Footnotes! oh god i'm pathetic
[1] Think about it. He speaks, presumably, ancient Egyptian-though on second thought perhaps he can pick up languages via brainwashing people fluent in them, which might explain why he can communicate with the rest of the cast, who speak Japanese. He lives in the Valley of the Kings, a freaking desert. He has been above ground exactly once, and probably wasn't keeping track of the way to town if there are even landmarks because OH GOD SUNLIGHT I CAN SEE FOREVER. If he and Rishid (who himself nearly died the previous day and thus has some heavy back damage) leave the tomb at night to start off on their Grand Revenge Quest, probability states they wander into the desert and are never heard from again. Aaaand now I want “Malik and Rishid get rescued by a tour group” fic. Wonderful.
[2] I have no idea how accurate a representation of the Eygptian identity in crisis
this blog post is, but I find it oddly haunting. It actually sounds almost Malik-y in the frustration. Okay, it technically sounds like Brunch, who tends to extrapolate a bit more than perhaps he canonically should, but he's thirteen oh god he had an in-game birthday he's all growed up fourteen, angry fourteen-year-olds symbolize a lot.
[3] I love that he's inquisitive about how photographs are made, too.
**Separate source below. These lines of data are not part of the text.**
lemma ball_volume_scaled_le:
  assumes "1 \<le> k" "k \<le> m" "2 * k \<le> m + 2" "2 * m + k < n"
  shows "(1 + (real (n - m) / real m) ^ k / 2 ^ m / 2) * real (ball_volume n m) \<le> 2 ^ n"
proof -
  define A where "A = (real (n - m) / real m) ^ k / 2 ^ m"
  have "(1 + A / 2) * real (ball_volume n m) = real (ball_volume n m) + (\<Sum>i\<le>m. A * real (n choose i) / 2)"
    by (simp add: ball_volume_def sum.distrib sum_distrib_left sum_divide_distrib algebra_simps)
  also have "\<dots> \<le> real (ball_volume n m) + (\<Sum>i\<le>m. real (n choose (i + k)))"
  proof (intro add_left_mono sum_mono)
    fix i assume "i \<in> {..m}"
    then have "A * real (n choose i) \<le> 2 * real (n choose (i + k))"
      unfolding A_def using assms by (intro binomial_add_ge) auto
    then show "A * real (n choose i) / 2 \<le> real (n choose (i + k))"
      by simp
  qed
  also have "\<dots> = real (ball_volume n m + (\<Sum>i\<le>m. n choose (i + k)))"
    by simp
  also have "\<dots> \<le> 2 ^ n"
    using ball_volume_add_sum_binomial_le[OF assms(4)]
    by (metis of_nat_le_iff of_nat_numeral of_nat_power)
  finally show ?thesis
    by (simp add: A_def)
qed
(* Let $\lambda,a\in\mathbb{R}^n$ with $\|\lambda\|=\|a\|=1$ and $d\in\mathbb{R}^m$ with $\|d\|\le1$. For $y\in\mathbb{R}^m$ let $\phi_\lambda(y)=\max_x\{\lambda^\mathsf{T} x:\|x\|\le\|y\|,\ a^\mathsf{T} x+d^\mathsf{T} y\le0\}$. Then $$\phi_\lambda(y)=\begin{cases}\|y\|, & \text{if } \lambda^\mathsf{T} a\,\|y\|+d^\mathsf{T} y\le0,\\ \sqrt{(\|y\|^2-(d^\mathsf{T} y)^2)(1-(\lambda^\mathsf{T} a)^2)}-d^\mathsf{T} y\,\lambda^\mathsf{T} a, & \text{otherwise.}\end{cases}$$ Furthermore, $\phi_\lambda$ is sublinear (convex and positively homogeneous), and: if $\|d\|=1$ and $m>1$, then $\phi_\lambda$ is differentiable on $\mathbb{R}^m\setminus d\mathbb{R}_+$; otherwise $\phi_\lambda$ is differentiable on $\mathbb{R}^m\setminus\{0\}$.
   Context: $\|\cdot\|$ is the Euclidean norm; $d\mathbb{R}_+=\{td:t\ge0\}$. *)

theory Defs
  imports "HOL-Analysis.Analysis"
begin

text \<open>The value function phi_lambda(y) = max { lam . x : norm x <= norm y, a . x + d . y <= 0 }.
  The maximum is taken as the supremum of the (compact, nonempty) feasible value set.\<close>
definition phi :: "real ^ 'n \<Rightarrow> real ^ 'n \<Rightarrow> real ^ 'm \<Rightarrow> real ^ 'm \<Rightarrow> real" where
  "phi lam a d y = Sup ((\<lambda>x. lam \<bullet> x) ` {x. norm x \<le> norm y \<and> a \<bullet> x + d \<bullet> y \<le> 0})"

end

theory Submission
  imports Defs
begin

text \<open>Write \<open>s = \<lambda>\<^sup>T a\<close> and split \<open>x = \<alpha> a + z\<close> with \<open>z \<bottom> a\<close>. Cauchy-Schwarz on the
  components orthogonal to \<open>a\<close> bounds the objective by \<open>s \<alpha> + \<surd>(1 - s\<^sup>2) \<surd>(\<parallel>y\<parallel>\<^sup>2 - \<alpha>\<^sup>2)\<close>,
  with equality for a suitable \<open>z\<close>. This function of \<open>\<alpha>\<close> increases up to its maximum \<open>\<parallel>y\<parallel>\<close>
  at \<open>\<alpha> = s \<parallel>y\<parallel>\<close>, so under the constraint \<open>\<alpha> \<le> -d\<^sup>T y\<close> the optimum is \<open>\<parallel>y\<parallel>\<close> or the
  value at \<open>\<alpha> = -d\<^sup>T y\<close>, which is the closed form.

  The closed form is symmetric under exchanging \<open>s\<close> and \<open>d\<^sup>T y / \<parallel>y\<parallel>\<close>, so \<open>\<phi>\<^sub>\<lambda>(y)\<close> is itself
  the optimal value of a problem of the same kind in which \<open>y\<close> enters only the objective; a
  maximizer is a linear minorant of \<open>\<phi>\<^sub>\<lambda>\<close> exact at \<open>y\<close>, which gives convexity.

  Away from the origin, \<open>\<phi>\<^sub>\<lambda>\<close> is locally \<open>\<parallel>y\<parallel>\<close> or the branch \<open>\<surd>(\<dots>) - s d\<^sup>T y\<close>, and on the
  switching surface it is squeezed between the branch and \<open>\<parallel>y\<parallel>\<close>, which touch there. The branch
  is smooth unless the radicand \<open>(\<parallel>y\<parallel>\<^sup>2 - (d\<^sup>T y)\<^sup>2)(1 - s\<^sup>2)\<close> vanishes at \<open>y\<close>; where the branch is
  active this happens only on the ray \<open>d \<real>\<^sub>+\<close> with \<open>\<parallel>d\<parallel> = 1\<close>, or when the branch is linear
  (\<open>s\<^sup>2 = 1\<close>, or \<open>m = 1\<close> and \<open>\<parallel>d\<parallel> = 1\<close>).\<close>

lemma inner_sq_le_1:
  fixes u v :: "'a::real_inner"
  assumes "norm u \<le> 1" and "norm v \<le> 1"
  shows "(u \<bullet> v)\<^sup>2 \<le> 1"
proof -
  have "\<bar>u \<bullet> v\<bar> \<le> norm u * norm v"
    by (rule Cauchy_Schwarz_ineq2)
  also have "\<dots> \<le> 1"
    using assms by (simp add: mult_le_one)
  finally show ?thesis
    by (simp add: abs_square_le_1)
qed
theorem propositionA4:
  fixes Y :: "pt \<Rightarrow> real" and W :: "int \<Rightarrow> real" and a :: pt and k :: int
  assumes "\<And>z. Y z > 0"
    and "\<And>j. W j > 0"
    and "W 0 = 1"
    and "fst a > 0" and "snd a > 0"
    and "k \<ge> 1"
  shows "(ZW Y W a {j. \<bar>j\<bar> \<le> k} / ZW Y W (a - e1) {j. \<bar>j\<bar> \<le> k}
           \<le> ZW Y W a {j. j \<ge> 0} / ZW Y W (a - e1) {j. j \<ge> 0}) \<and>
         (ZW Y W a {j. \<bar>j\<bar> \<le> k} / ZW Y W (a - e2) {j. \<bar>j\<bar> \<le> k}
           \<ge> ZW Y W a {j. j \<ge> 0} / ZW Y W (a - e2) {j. j \<ge> 0})"
proof -
  note Y = assms(1)
  have W: "W j \<ge> 0" for j
    using assms(2) less_imp_le by blast
  have not_source: "fst a + snd a \<noteq> 0"
    using assms(4,5) by linarith
  have interleave: "j \<in> {j. j \<ge> 0} \<and> j' \<in> {j. \<bar>j\<bar> \<le> k}"
    if "j \<in> {j. \<bar>j\<bar> \<le> k}" "j' \<in> {j. j \<ge> 0}" "j' < j" for j j'
    using that by auto
  have "ZW Y W a {j. \<bar>j\<bar> \<le> k} * ZW Y W (a - e1) {j. j \<ge> 0}
      \<le> ZW Y W a {j. j \<ge> 0} * ZW Y W (a - e1) {j. \<bar>j\<bar> \<le> k}"
    by (intro ZW_cross_le W interleave Ztil_ratio_e1_mono[OF Y _ not_source]) auto
  moreover have "ZW Y W (a - e2) {j. \<bar>j\<bar> \<le> k} * ZW Y W a {j. j \<ge> 0}
      \<le> ZW Y W (a - e2) {j. j \<ge> 0} * ZW Y W a {j. \<bar>j\<bar> \<le> k}"
    by (intro ZW_cross_le W interleave Ztil_ratio_e2_antimono[OF Y _ not_source]) auto
  moreover have "ZW Y W (a - e1) K > 0" "ZW Y W (a - e2) K > 0" if "0 \<in> K" for K
    using assms that by (auto intro!: ZW_pos[of Y W 0] simp: e1_def e2_def)
  ultimately show ?thesis
    using \<open>k \<ge> 1\<close> by (simp add: divide_simps mult.commute)
qed

end
(* Let $f_1,f_2:\mathbb{R}\to\mathbb{R}$ be bounded measurable $1$-periodic functions, $a_1,a_2>0$, $c=(c_1,c_2)\in\mathbb{R}^2$, $\varepsilon>0$, and let $u^\varepsilon(t;c)=(u_1^\varepsilon,u_2^\varepsilon)$ be the unique solution of \[\dot u^\varepsilon_1=-\tfrac{a_1}{\varepsilon}(u^\varepsilon_1-u^\varepsilon_2)+f_1(t/\varepsilon),\quad \dot u^\varepsilon_2=-\tfrac{a_2}{\varepsilon}(u^\varepsilon_2-u^\varepsilon_1)+f_2(t/\varepsilon),\quad t>0,\quad u_i^\varepsilon(0)=c_i.\] Then for all $t>0$ and $i\in\{1,2\}$, \[|u^\varepsilon_i(t;c)-m_i(t)|\leq \bigg(\frac{2a_2(a_1+a_2)+a_i}{(a_1+a_2)^2}\|f_1\|_\infty+\frac{2a_1(a_1+a_2)+a_i}{(a_1+a_2)^2}\|f_2\|_\infty\bigg)\varepsilon,\] where, for $\{i,j\}=\{1,2\}$, \[m_i(t)=\frac{c_1a_2+c_2a_1}{a_1+a_2}+\frac{a_2\bar f_1+a_1\bar f_2}{a_1+a_2}t+\frac{a_i(c_i-c_j)}{a_1+a_2}e^{-\frac{(a_1+a_2)t}{\varepsilon}},\qquad \bar f_k=\int_0^1 f_k(s)\,ds.\] *)

theory Defs
  imports "HOL-Analysis.Analysis" "HOL-Probability.Essential_Supremum"
begin

definition Linf_norm :: "(real \<Rightarrow> real) \<Rightarrow> real" where
  "Linf_norm f = real_of_ereal (esssup lebesgue (\<lambda>x. ereal \<bar>f x\<bar>))"

end

(*
  The coupling cancels in the weighted mean S = a2 u1 + a1 u2, so S is its initial value plus the
  integrals of the rescaled forcings f_i(s/eps); by periodicity these grow like t times the mean of
  f_i, up to an error of 2 eps ||f_i||.  The difference w = u1 - u2 solves the linear Volterra
  equation w = (c1 - c2) - ((a1 + a2)/eps) int w + G, where G is Lipschitz with constant
  ||f1|| + ||f2||; a last-crossing comparison argument bounds w - (c1 - c2) exp(-(a1 + a2) t/eps)
  by (||f1|| + ||f2||) eps/(a1 + a2).  The estimates follow from u1 = (S + a1 w)/(a1 + a2) and
  u2 = (S - a2 w)/(a1 + a2).
*)

theory Submission
  imports Defs
begin

lemma esssup_abs_nonneg:
  fixes f :: "real \<Rightarrow> real"
  shows "0 \<le> esssup lebesgue (\<lambda>x. ereal \<bar>f x\<bar>)"
proof -
  have "esssup lebesgue (\<lambda>x::real. ereal 0) \<le> esssup lebesgue (\<lambda>x. ereal \<bar>f x\<bar>)"
    using esssup_mono[of "\<lambda>x. ereal 0" lebesgue "\<lambda>x. ereal \<bar>f x\<bar>"] by simp
  then show ?thesis
    by (simp add: esssup_const emeasure_lborel_UNIV zero_ereal_def)
qed

text \<open>No hypotheses are needed: an infinite essential supremum is sent to 0 by
  \<^const>\<open>real_of_ereal\<close>.\<close>

lemma Linf_norm_nonneg: "0 \<le> Linf_norm f"
  using esssup_abs_nonneg[of f] by (simp add: Linf_norm_def real_of_ereal_pos)

lemma AE_abs_le_Linf_norm:
  fixes f :: "real \<Rightarrow> real"
  assumes "f \<in> borel_measurable lebesgue" and "bounded (range f)"
  shows "AE x in lebesgue. \<bar>f x\<bar> \<le> Linf_norm f"
proof -
  obtain B where B: "\<And>x. \<bar>f x\<bar> \<le> B"
    using assms(2) unfolding bounded_iff by auto
  have "esssup lebesgue (\<lambda>x. ereal \<bar>f x\<bar>) \<le> ereal B"
    using assms(1) B by (intro esssup_I) auto
  with esssup_abs_nonneg[of f]
  have "esssup lebesgue (\<lambda>x. ereal \<bar>f x\<bar>) = ereal (Linf_norm f)"
    unfolding Linf_norm_def by (cases "esssup lebesgue (\<lambda>x. ereal \<bar>f x\<bar>)") auto
  then show ?thesis
    using esssup_AE[of "\<lambda>x. ereal \<bar>f x\<bar>" lebesgue] by simp
qed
I can very easily see child Malik wanting to take EVERYTHING APART to SEE HOW IT WORKS - though I probably do go too far by attributing all the superfluous technology associated with dueling Rare Hunters in the anime to Malik having this OH MY GOD THIS IS SO COOL tech junkie streak. In addition to a SETTING THE PERFECT STAGE, MUAHAHA streak. Movie-director!Malik fic where?
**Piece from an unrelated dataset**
(* If $\Sigma$ is a finite inductive signature, then $\mathcal{J}(\Sigma)=\mathcal{J}^*(\Sigma)$.
   Context: Fix an infinite set $V$ of variables with decidable equality, and a fresh variable provider: functions $\varphi,\mathsf{fr}$ assigning to each finite $X\subseteq V$ an inhabited subset $\varphi(X)\subseteq V\setminus X$ and an element $\mathsf{fr}(X)\in\varphi(X)$. Fix disjoint sets $F$ (function symbols) and $T$ (type symbols) with decidable equality. Preelements are terms built from variables and symbols of $F$; a pretype is $S(t_1,\ldots,t_n)$ with $S\in T$ and $t_i$ preelements. $\mathrm{V}(E)$ is the set of variables of an expression $E$, $\equiv$ is syntactic identity, and $E[\bar a/\bar x]$ is simultaneous substitution. A precontext is a sequence $\Gamma=x_1:A_1,\ldots,x_n:A_n$ of pretypes with $x_k\in\varphi(\{x_1,\ldots,x_{k-1}\})$ and $\mathrm{V}(A_k)\subseteq\{x_1,\ldots,x_{k-1}\}$; $\mathrm{OV}(\Gamma)=x_1,\ldots,x_n$, $\mathrm{V}(\Gamma)=\{x_1,\ldots,x_n\}$, $\mathrm{Fresh}(\Gamma)=\varphi(\mathrm{V}(\Gamma))$, $\mathrm{fresh}(\Gamma)=\mathsf{fr}(\mathrm{V}(\Gamma))$, $E[\bar a/\Gamma]=E[\bar a/x_1,\ldots,x_n]$. Top variables: $\mathrm{TV}(\langle\rangle)=\emptyset$, $\mathrm{TV}(\Gamma,x:A)=(\mathrm{TV}(\Gamma)\setminus\mathrm{V}(A))\cup\{x\}$. A determining sequence for $\Gamma$ is a strictly increasing $\bar i=i_1,\ldots,i_k$ in $\{1,\ldots,n\}$ with $\mathrm{TV}(\Gamma)\subseteq\{x_{i_1},\ldots,x_{i_k}\}$; for $\bar a=a_1,\ldots,a_n$ put $\bar a_{\bar i}=a_{i_1},\ldots,a_{i_k}$. A type predeclaration is $(\Gamma,S,\bar i)$ with $S\in T$, $\bar i$ determining; a function predeclaration is $(\Gamma,f,\bar i,U)$ with $f\in F$, $\bar i$ determining, $U$ a pretype with $\mathrm{V}(U)\subseteq\mathrm{V}(\Gamma)$. A presignature is a set $\Sigma$ of predeclarations with no symbol declared twice. Judgements are "$\Gamma$ context", "$A$ type $(\Gamma)$", "$a:A\ (\Gamma)$". $\mathcal{J}(\Sigma)$ is the smallest set of judgements closed under: (R1) $\langle\rangle$ context; (R2) from $\Gamma$ context and $A$ type $(\Gamma)$ infer $\Gamma,x:A$ context, for $x\in\mathrm{Fresh}(\Gamma)$; (R3) from $x_1:A_1,\ldots,x_n:A_n$ context infer $x_i:A_i\ (x_1:A_1,\ldots,x_n:A_n)$; (R4) if $(\Gamma,S,\bar i)\in\Sigma$ and $\bar a:\Delta\to\Gamma$, infer $S(\bar a_{\bar i})$ type $(\Delta)$; (R5) if $(\Gamma,f,\bar i,U)\in\Sigma$, $\bar a:\Delta\to\Gamma$ and $U[\bar a/\Gamma]$ type $(\Delta)$, infer $f(\bar a_{\bar i}):U[\bar a/\Gamma]\ (\Delta)$. Here, for $\Gamma=x_1:A_1,\ldots,x_n:A_n$, the context map "$\bar a:\Delta\to\Gamma$" abbreviates the $n+2$ judgements $\Delta$ context, $\Gamma$ context, and $a_k:A_k[a_1,\ldots,a_{k-1}/x_1,\ldots,x_{k-1}]\ (\Delta)$ for $k=1,\ldots,n$. $\Sigma$ is a signature if ($\Gamma$ context)$\in\mathcal{J}(\Sigma)$ whenever $(\Gamma,S,\bar i)\in\Sigma$, and ($U$ type $(\Gamma)$)$\in\mathcal{J}(\Sigma)$ whenever $(\Gamma,f,\bar i,U)\in\Sigma$. $\mathcal{J}^*(\Sigma)$ is defined exactly like $\mathcal{J}(\Sigma)$ except that (R5) is replaced by (R5* ): if $(\Gamma,f,\bar i,U)\in\Sigma$ and $\bar a:\Delta\to\Gamma$ (with the context-map judgements now read in $\mathcal{J}^*(\Sigma)$), infer $f(\bar a_{\bar i}):U[\bar a/\Gamma]\ (\Delta)$ (no premiss that $U[\bar a/\Gamma]$ is a type). A signature is inductive if it is obtained from the empty signature by finitely many steps, each adding either a type predeclaration $(\Gamma,S,\bar i)$ with $S$ not yet declared and ($\Gamma$ context)$\in\mathcal{J}$ of the current signature, or a function predeclaration $(\Gamma,f,\bar i,U)$ with $f$ not yet declared and ($U$ type $(\Gamma)$)$\in\mathcal{J}$ of the current signature. *)

theory Defs
  imports Main
begin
[4] If you found this essay interesting at all, run, don't walk to the nearest library or bookstore and purchase a copy of Orhan Pamuk's My Name is Red. While dense, it is the most beautiful, evocative murder mystery about painters in the Ottoman Empire you will ever read. I wrote my undergraduate thesis on this and one other book, and the interpretation of Malik's situation giving rise to this essay is probably colored quite a bit by that experience.
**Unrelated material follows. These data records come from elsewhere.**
lemma nondegenerate_signs_surj:
  assumes nd: "nondegenerate_signs n \<epsilon>" and pm: "\<And>i j. \<epsilon> i j = 1 \<or> \<epsilon> i j = -1"
    and T: "T \<subseteq> {..<n}"
  obtains S where "S \<subseteq> {..<n}" "{j \<in> {..<n}. (\<Prod>i\<in>S. \<epsilon> i j) = -1} = T"
proof -
  let ?f = "\<lambda>S. {j \<in> {..<n}. (\<Prod>i\<in>S. \<epsilon> i j) = -1}"
  have sub: "?f ` Pow {..<n} \<subseteq> Pow {..<n}"
    by auto
  have "?f ` Pow {..<n} = Pow {..<n}"
    by (rule endo_inj_surj[OF _ sub nondegenerate_signs_inj[OF nd pm]]) simp
  then have "T \<in> ?f ` Pow {..<n}"
    using T by simp
  then obtain S where "S \<in> Pow {..<n}" "T = ?f S"
    by (rule imageE)
  then show thesis
    by (intro that[of S]) simp_all
qed

text \<open>The bit flips given by the rows of a nondegenerate sign matrix generate all of \<open>GF(2)^n\<close>.\<close>
lemma flip_invariant_const:
  fixes f :: "nat \<Rightarrow> 'a"
  assumes nd: "nondegenerate_signs n \<epsilon>" and pm: "\<And>i j. \<epsilon> i j = 1 \<or> \<epsilon> i j = -1"
    and flip: "\<And>i m. i \<in> {..<n} \<Longrightarrow> m < 2 ^ n \<Longrightarrow>
      \<exists>t<2 ^ n. (\<forall>j<n. bit t j = (bit m j \<noteq> (\<epsilon> i j = -1))) \<and> f t = f m"
    and s: "s < 2 ^ n"
  shows "f s = f 0"
proof -
  obtain S where S: "S \<subseteq> {..<n}" "{j \<in> {..<n}. (\<Prod>i\<in>S. \<epsilon> i j) = -1} = {j \<in> {..<n}. bit s j}"
    using nondegenerate_signs_surj[OF nd pm, of "{j \<in> {..<n}. bit s j}"] by auto
  then have bits: "\<forall>j<n. bit s j = (bit (0::nat) j \<noteq> ((\<Prod>i\<in>S. \<epsilon> i j) = -1))"
    by (auto simp: set_eq_iff)
  have fin: "finite S"
    using S(1) finite_subset by blast
  have pos: "(0::nat) < 2 ^ n"
    by simp
  show ?thesis
    by (rule flip_invariant_on_orbit[OF fin flip[OF subsetD[OF S(1)]] pm pos s bits])
qed

lemma mutually_unbiased_if_nondegenerate_signs:
  assumes uV: "is_unitary n V" and uV': "is_unitary n V'"
    and hV: "\<forall>j<n. \<exists>\<omega>. adj V * Zq n j * V = \<omega> \<cdot>\<^sub>m pauli_mat n (a j) (C j)"
    and hV': "\<forall>i<n. \<exists>\<omega>. adj V' * Zq n i * V' = \<omega> \<cdot>\<^sub>m pauli_mat n (a' i) (C' i)"
    and ha: "\<forall>j<n. a j < 2 ^ n" and ha': "\<forall>i<n. a' i < 2 ^ n"
    and nd: "nondegenerate_signs n (\<lambda>i j. zsign (C j) (a' i) * zsign (C' i) (a j))"
    and b: "b < 2 ^ n" and x: "x < 2 ^ n"
  shows "(cmod ((V * adj V') $$ (b, x)))\<^sup>2 = 1 / 2 ^ n"
proof -
  define \<epsilon> where "\<epsilon> i j = zsign (C j) (a' i) * zsign (C' i) (a j)" for i j
  define g where "g t = cmod ((V * adj V') $$ (t, x))" for t
  have pm: "\<epsilon> i j = 1 \<or> \<epsilon> i j = -1" for i j
    unfolding \<epsilon>_def by (rule zsign_mult_pm_one)
  have flip: "\<exists>t<2 ^ n. (\<forall>j<n. bit t j = (bit m j \<noteq> (\<epsilon> i j = -1))) \<and> g t = g m"
    if i: "i \<in> {..<n}" and m: "m < 2 ^ n" for i m
  proof -
    have "i < n"
      using i by simp
    then obtain \<omega>' where "adj V' * Zq n i * V' = \<omega>' \<cdot>\<^sub>m pauli_mat n (a' i) (C' i)"
      using hV' by blast
    moreover have "a' i < 2 ^ n"
      using ha' i by simp
    ultimately obtain t where "t < 2 ^ n" "\<forall>j<n. bit t j = (bit m j \<noteq> (\<epsilon> i j = -1))" "g t = g m"
      using conj_Zq_flip[OF uV uV' hV _ ha _ m x] unfolding \<epsilon>_def g_def by blast
    then show ?thesis
      by blast
  qed
  have const: "g s = g 0" if "s < 2 ^ n" for s
    using flip_invariant_const[OF nd[folded \<epsilon>_def] pm flip that] .
  have "adj (V * adj V') * (V * adj V') = 1\<^sub>m (2 ^ n)" "V * adj V' \<in> carrier_mat (2 ^ n) (2 ^ n)"
    using is_unitary_mult_adj[OF uV uV'] unfolding is_unitary_def by auto
  moreover have "\<forall>s<2 ^ n. cmod ((V * adj V') $$ (s, x)) = g 0"
    using const unfolding g_def by blast
  ultimately have "(g 0)\<^sup>2 = 1 / 2 ^ n"
    by (rule unitary_col_uniform_norm[OF _ _ x])
  then show ?thesis
    using const[OF b] unfolding g_def by simp
qed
[5] Actually, I have my theories. And following the exploits of the actual man currently holding her governmental position is a scream. Personality-wise he's a bit of the anti-Isis, very full of himself and a camera hog, but it's cute to imagine Isis doing some of the PR things he does, like writing letters to American children after giving them museum tours. (She probably wouldn't have agreed to the History Channel reality TV series contract, however.)